## Meteo Bakery - Baseline Model
As our first baseline model, we will use a simple heuristic where we use the product sales from individual days of the previous week as a forecast for sales in the upcoming week. These predictions will be made for:
* Total sales
* Total sales per branch
* Total sales per product
* Sales for each product per branch

We will use RMSE and MAPE as our evaluation metric. Additionally, we will calculate the RMSE and MAPE for overestimated and underestimated sales. For now, we will perform evaluation based on the whole time series.


### import libraries

In [None]:
import pandas as pd
import numpy as np
import matplotlib.pyplot as plt
import seaborn as sns

### load data

In [None]:
df = pd.read_csv('../data/data_combined.csv')

# parse 'date' to datetime object
df.date = pd.to_datetime(df.date)

In [None]:
df.columns

### generate unstacked dataframe
Currently, our dataframe represents a grouped time series (grouped by branch and product). For modeling, the dataframe will be unstacked (i.e. ungrouped), such that the individual time series are represented as separate columns in the dataframe. The ungrouping will be done for every single level of the grouped dataframe.
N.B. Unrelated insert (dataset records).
(* Let $k_0\in\mathbb{R}\setminus\{0\}$ and let $z\in C^2([-1,1])$ be a complex-valued function with $z(x)\neq 0$ for all $x\in[-1,1]$ and satisfying the boundary conditions $$z'(1)-ik_0 z(1)=0,\qquad z'(-1)+ik_0 z(-1)=0 .$$ Define the complex potential $U:\mathbb{R}\to\mathbb{C}$ by $$U(x)=\frac{z''(x)+k_0^2 z(x)}{z(x)}\quad (|x|<1),\qquad U(x)=0\quad (|x|\ge 1).$$ Then the function $$\psi(x)=\begin{cases} z(x), & |x|\le 1,\\ z(\pm 1)\,e^{ik_0(|x|-1)}, & \pm x\ge 1,\end{cases}$$ is a nontrivial $C^1(\mathbb{R})$ solution of $-\psi''+U(x)\psi=k_0^2\psi$ on $|x|<1$ with $\psi(x)=\alpha_\pm e^{ik_0|x|}$ for $\pm x\ge 1$ (for constants $\alpha_\pm\in\mathbb{C}$). Consequently $M_{22}(k_0)=0$, i.e. $U$ has a spectral singularity at $k=k_0$.
   Context: For a potential $U$ vanishing outside $[-1,1]$ and $k\in\mathbb{R}\setminus\{0\}$, consider solutions $\psi$ of $-\psi''+U(x)\psi=k^2\psi$ on $|x|<1$ (continuous with continuous derivative on $\mathbb{R}$) of the form $\psi=a_\pm e^{ikx}+b_\pm e^{-ikx}$ for $\pm x\ge 1$. The transfer matrix $M(k)=(M_{ij}(k))_{i,j=1,2}$ is the $2\times 2$ matrix defined by $(a_+,b_+)^T=M(k)(a_-,b_-)^T$. A real $k_0\neq 0$ with $M_{22}(k_0)=0$ is called a spectral singularity (it corresponds to lasing if $k_0>0$ and to coherent perfect absorption if $k_0<0$); equivalently, the problem $-\psi''+U\psi=k_0^2\psi$ on $|x|<1$, $\psi=\alpha_\pm e^{ik_0|x|}$ for $\pm x\ge 1$, has a nontrivial solution. *)

theory Defs
  imports "HOL-Analysis.Analysis"
begin

definition schroedinger_solution ::
  "(real \<Rightarrow> complex) \<Rightarrow> real \<Rightarrow> (real \<Rightarrow> complex) \<Rightarrow> bool" where
  "schroedinger_solution U k \<psi> \<longleftrightarrow>
     (\<exists>\<psi>'. (\<forall>x. (\<psi> has_vector_derivative \<psi>' x) (at x)) \<and> continuous_on UNIV \<psi>' \<and>
       (\<forall>x. \<bar>x\<bar> < 1 \<longrightarrow>
          (\<exists>\<psi>''. (\<psi>' has_vector_derivative \<psi>'') (at x) \<and>
                 - \<psi>'' + U x * \<psi> x = complex_of_real (k^2) * \<psi> x)))"

definition is_transfer_matrix ::
  "(real \<Rightarrow> complex) \<Rightarrow> real \<Rightarrow> complex^2^2 \<Rightarrow> bool" where
  "is_transfer_matrix U k M \<longleftrightarrow>
     (\<forall>\<psi> am bm ap bp. schroedinger_solution U k \<psi> \<and>
        (\<forall>x. x \<le> -1 \<longrightarrow> \<psi> x = am * exp (\<i> * of_real (k * x)) + bm * exp (- \<i> * of_real (k * x))) \<and>
        (\<forall>x. x \<ge> 1 \<longrightarrow> \<psi> x = ap * exp (\<i> * of_real (k * x)) + bp * exp (- \<i> * of_real (k * x)))
      \<longrightarrow> ap = M$1$1 * am + M$1$2 * bm \<and> bp = M$2$1 * am + M$2$2 * bm)"

end

theory Submission
  imports Defs
begin

text \<open>Outside \<open>[-1,1]\<close> the outgoing waves \<open>z(\<plusminus>1) exp(i k (|x| - 1))\<close> solve the free equation,
  and the boundary conditions say exactly that their derivatives at \<open>\<plusminus>1\<close> agree with \<open>z'(\<plusminus>1)\<close>.
  Hence the glued function \<open>\<psi>\<close> is \<open>C\<^sup>1\<close>, and inside \<open>[-1,1]\<close> the potential \<open>U\<close> is chosen
  so that \<open>z\<close> solves the equation. Being purely outgoing, \<open>\<psi>\<close> has \<open>a\<^sub>- = b\<^sub>+ = 0\<close> and
  \<open>b\<^sub>- = z(-1) exp(-i k) \<noteq> 0\<close>, so \<open>b\<^sub>+ = M\<^sub>2\<^sub>1 a\<^sub>- + M\<^sub>2\<^sub>2 b\<^sub>-\<close> forces \<open>M\<^sub>2\<^sub>2 = 0\<close>.\<close>

lemma has_vector_derivative_within_closed_Un:
  fixes f :: "real \<Rightarrow> 'a::real_normed_vector"
  assumes "closed S" "closed T"
    and "x \<in> S \<Longrightarrow> (f has_vector_derivative D) (at x within S)"
    and "x \<in> T \<Longrightarrow> (f has_vector_derivative D) (at x within T)"
  shows "(f has_vector_derivative D) (at x within S \<union> T)"
proof -
  have trivial: "(f has_vector_derivative D) (at x within A)" if "closed A" "x \<notin> A" for A
  proof -
    have "at x within A = bot"
      using not_in_closure_trivial_limitI[of x A] that by simp
    then show ?thesis
      by (simp add: has_vector_derivative_def bounded_linear_scaleR_left has_derivative_bot)
  qed
  have "(f has_vector_derivative D) (at x within S)" "(f has_vector_derivative D) (at x within T)"
    using assms trivial by blast+
  then show ?thesis
    unfolding has_vector_derivative_def has_derivative_at_within by (auto intro: Lim_Un)
qed
lemma J_inj: "inj_on (\<lambda>a. J A a 0) (carrier A)"
proof (rule inj_onI)
  fix a b assume a: "a \<in> carrier A" and b: "b \<in> carrier A" and ab: "J A a 0 = J A b 0"
  have "le A t a \<longleftrightarrow> le A t b" if "atom A t" for t
  proof -
    have "le A t c \<longleftrightarrow> lift t 0 \<in> J A c 0" for c
      by (simp add: mem_J_iff proj_lift lift_in_At[OF that])
    then show ?thesis using ab by simp
  qed
  then have "\<forall>t. atom A t \<longrightarrow> le A t a \<longrightarrow> le A t b"
    "\<forall>t. atom A t \<longrightarrow> le A t b \<longrightarrow> le A t a"
    by blast+
  then have "le A a b" "le A b a"
    by (simp_all only: le_iff_atoms_below[OF a b] le_iff_atoms_below[OF b a])
  then show "a = b"
    using le_antisym[OF a b] by blast
qed

end
lemma A_of_poly_add: "A_of_poly q f \<oplus>\<^bsub>A_ring p q\<^esub> A_of_poly q g = A_of_poly q (f + g)"
  unfolding A_of_poly_def by (simp add: poly_mod_add_left)

lemma A_of_poly_pow: "A_of_poly q f [^]\<^bsub>A_ring p q\<^esub> (k :: nat) = A_of_poly q (f ^ k)"
proof (induction k)
  case 0
  show ?case by (simp add: nat_pow_def one_A_ring)
next
  case (Suc k)
  have "A_of_poly q f [^]\<^bsub>A_ring p q\<^esub> Suc k
      = A_of_poly q f [^]\<^bsub>A_ring p q\<^esub> k \<otimes>\<^bsub>A_ring p q\<^esub> A_of_poly q f"
    unfolding nat_pow_def by simp
  also have "\<dots> = A_of_poly q (f ^ Suc k)"
    by (simp only: Suc.IH A_of_poly_mult power_Suc2)
  finally show ?case .
qed

lemma inverse_mod_unique:
  fixes m h v w :: "'a :: comm_ring_1"
  assumes "m dvd h * v - 1" "m dvd h * w - 1"
  shows "m dvd v - w"
proof -
  have "v - w = w * (h * v - 1) - v * (h * w - 1)" by (simp add: algebra_simps)
  then show ?thesis using assms by (simp add: dvd_diff)
qed

section \<open>The \<open>p\<close>-local integers\<close>

definition zp_poly :: "nat \<Rightarrow> rat poly set" where
  "zp_poly p = {f. \<forall>k. Polynomial.coeff f k \<in> zp p}"

definition pzp :: "nat \<Rightarrow> rat set" where
  "pzp p = (\<lambda>s. of_nat p * s) ` zp p"

context
  fixes p :: nat
  assumes p: "prime p"
begin

lemma zp_iff: "r \<in> zp p \<longleftrightarrow> (\<exists>a b. b \<noteq> 0 \<and> \<not> int p dvd b \<and> r = of_int a / of_int b)"
proof
  assume "r \<in> zp p"
  obtain a b where ab: "quotient_of r = (a, b)" by (cases "quotient_of r")
  then have "b > 0" "r = of_int a / of_int b" using quotient_of_denom_pos quotient_of_div by auto
  with \<open>r \<in> zp p\<close> ab show "\<exists>a b. b \<noteq> 0 \<and> \<not> int p dvd b \<and> r = of_int a / of_int b"
    unfolding zp_def by (intro exI[of _ a] exI[of _ b]) auto
next
  assume "\<exists>a b. b \<noteq> 0 \<and> \<not> int p dvd b \<and> r = of_int a / of_int b"
  then obtain a b where ab: "b \<noteq> 0" "\<not> int p dvd b" "r = of_int a / of_int b" by blast
  obtain a' b' where ab': "quotient_of r = (a', b')" by (cases "quotient_of r")
  then have "b' > 0" and r: "r = of_int a' / of_int b'" and "coprime a' b'"
    using quotient_of_denom_pos quotient_of_div quotient_of_coprime by auto
  have "of_int (a' * b) = (of_int (a * b') :: rat)"
    using ab(1,3) r \<open>b' > 0\<close> by (simp add: field_simps)
  then have "b' dvd a' * b" by (metis dvd_triv_right of_int_eq_iff)
  with \<open>coprime a' b'\<close> have "b' dvd b" by (metis coprime_commute coprime_dvd_mult_right_iff)
  with ab(2) have "\<not> int p dvd b'" using dvd_trans by blast
  with ab' show "r \<in> zp p" unfolding zp_def by simp
qed
(* For any $\alpha\in(0,1)$ and any $p,q>0$ there exist positive definite $2\times2$ matrices $A,B$ such that $SG_{\alpha,p}(A,B)\not\le_{\mathrm{chao}}\mathcal{A}_{\alpha,q}(A,B)$ (hence $SG_{\alpha,p}(A,B)\not\le\mathcal{A}_{\alpha,q}(A,B)$).
   Context: For positive definite $A,B$: $A\#B:=A^{1/2}(A^{-1/2}BA^{-1/2})^{1/2}A^{1/2}$; $F_\alpha(A,B):=(A^{-1}\#B)^\alpha A(A^{-1}\#B)^\alpha$ (weighted spectral geometric mean); $SG_{\alpha,p}(A,B):=F_\alpha(A^p,B^p)^{1/p}$; $\mathcal{A}_{\alpha,q}(A,B):=((1-\alpha)A^q+\alpha B^q)^{1/q}$. For positive definite $X,Y$, $X\le Y$ is the Loewner order and $X\le_{\mathrm{chao}}Y$ (chaotic order) means $\log X\le\log Y$. *)

theory Defs
  imports "HOL-Analysis.Analysis"
begin

definition pos_def :: "real^'n^'n \<Rightarrow> bool" where
  "pos_def A \<longleftrightarrow> transpose A = A \<and> (\<forall>v. v \<noteq> 0 \<longrightarrow> v \<bullet> (A *v v) > 0)"

definition loewner_le :: "real^'n^'n \<Rightarrow> real^'n^'n \<Rightarrow> bool" where
  "loewner_le X Y \<longleftrightarrow> (\<forall>v. v \<bullet> ((Y - X) *v v) \<ge> 0)"

definition mdiag :: "real^'n \<Rightarrow> real^'n^'n" where
  "mdiag d = (\<chi> i j. if i = j then d $ i else 0)"

definition mfun :: "(real \<Rightarrow> real) \<Rightarrow> real^'n^'n \<Rightarrow> real^'n^'n" where
  "mfun f A = (THE X. \<exists>U d. orthogonal_matrix U \<and> A = U ** mdiag d ** transpose U \<and>
                         X = U ** mdiag (\<chi> i. f (d $ i)) ** transpose U)"

definition mpow :: "real^'n^'n \<Rightarrow> real \<Rightarrow> real^'n^'n" where
  "mpow A t = mfun (\<lambda>x. x powr t) A"

definition mlog :: "real^'n^'n \<Rightarrow> real^'n^'n" where
  "mlog A = mfun ln A"

definition gmean :: "real^'n^'n \<Rightarrow> real^'n^'n \<Rightarrow> real^'n^'n" where
  "gmean A B = mpow A (1/2) **
     mpow (mpow A (-1/2) ** B ** mpow A (-1/2)) (1/2) ** mpow A (1/2)"

definition Fsg :: "real \<Rightarrow> real^'n^'n \<Rightarrow> real^'n^'n \<Rightarrow> real^'n^'n" where
  "Fsg \<alpha> A B = mpow (gmean (matrix_inv A) B) \<alpha> ** A ** mpow (gmean (matrix_inv A) B) \<alpha>"

definition SG :: "real \<Rightarrow> real \<Rightarrow> real^'n^'n \<Rightarrow> real^'n^'n \<Rightarrow> real^'n^'n" where
  "SG \<alpha> p A B = mpow (Fsg \<alpha> (mpow A p) (mpow B p)) (1/p)"

definition Amean :: "real \<Rightarrow> real \<Rightarrow> real^'n^'n \<Rightarrow> real^'n^'n \<Rightarrow> real^'n^'n" where
  "Amean \<alpha> q A B = mpow ((1 - \<alpha>) *\<^sub>R mpow A q + \<alpha> *\<^sub>R mpow B q) (1/q)"

definition chao_le :: "real^'n^'n \<Rightarrow> real^'n^'n \<Rightarrow> bool" where
  "chao_le X Y \<longleftrightarrow> loewner_le (mlog X) (mlog Y)"

end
Specifically, we will generate 
* a time series for total sales, summing up sales over all branches and products
* summed time series for the three different bakery branches with sales summed up across products per branch
* summed time series for the five different bakery products with sales summed up across branches per product
* individual time series per branch and product

In total, we will end up with 24 different time series.

In [None]:
def unstack_time_series(df, index, groups, target):
    
    # create the individual combinations df
    df_groups = df.pivot(index=index, columns=groups, values=target)
    df_groups.columns = df_groups.columns.to_flat_index().map('{0[0]} | {0[1]}'.format)

    # create df for first group, use agg(pd.Series.sum) instead of .sum to enable skipna, otherwise NaN rows will add up to 0
    df_01 = df.groupby([index, groups[0]])[target] \
                        .agg(pd.Series.sum, skipna=False) \
                        .reset_index(drop=False) \
                        .pivot(index=index, columns=groups[0], values=target)

    # create df for second group
    df_02 = df.groupby([index, groups[1]])[target] \
                        .agg(pd.Series.sum, skipna=False)\
                        .reset_index(drop=False) \
                        .pivot(index=index, columns=groups[1], values=target)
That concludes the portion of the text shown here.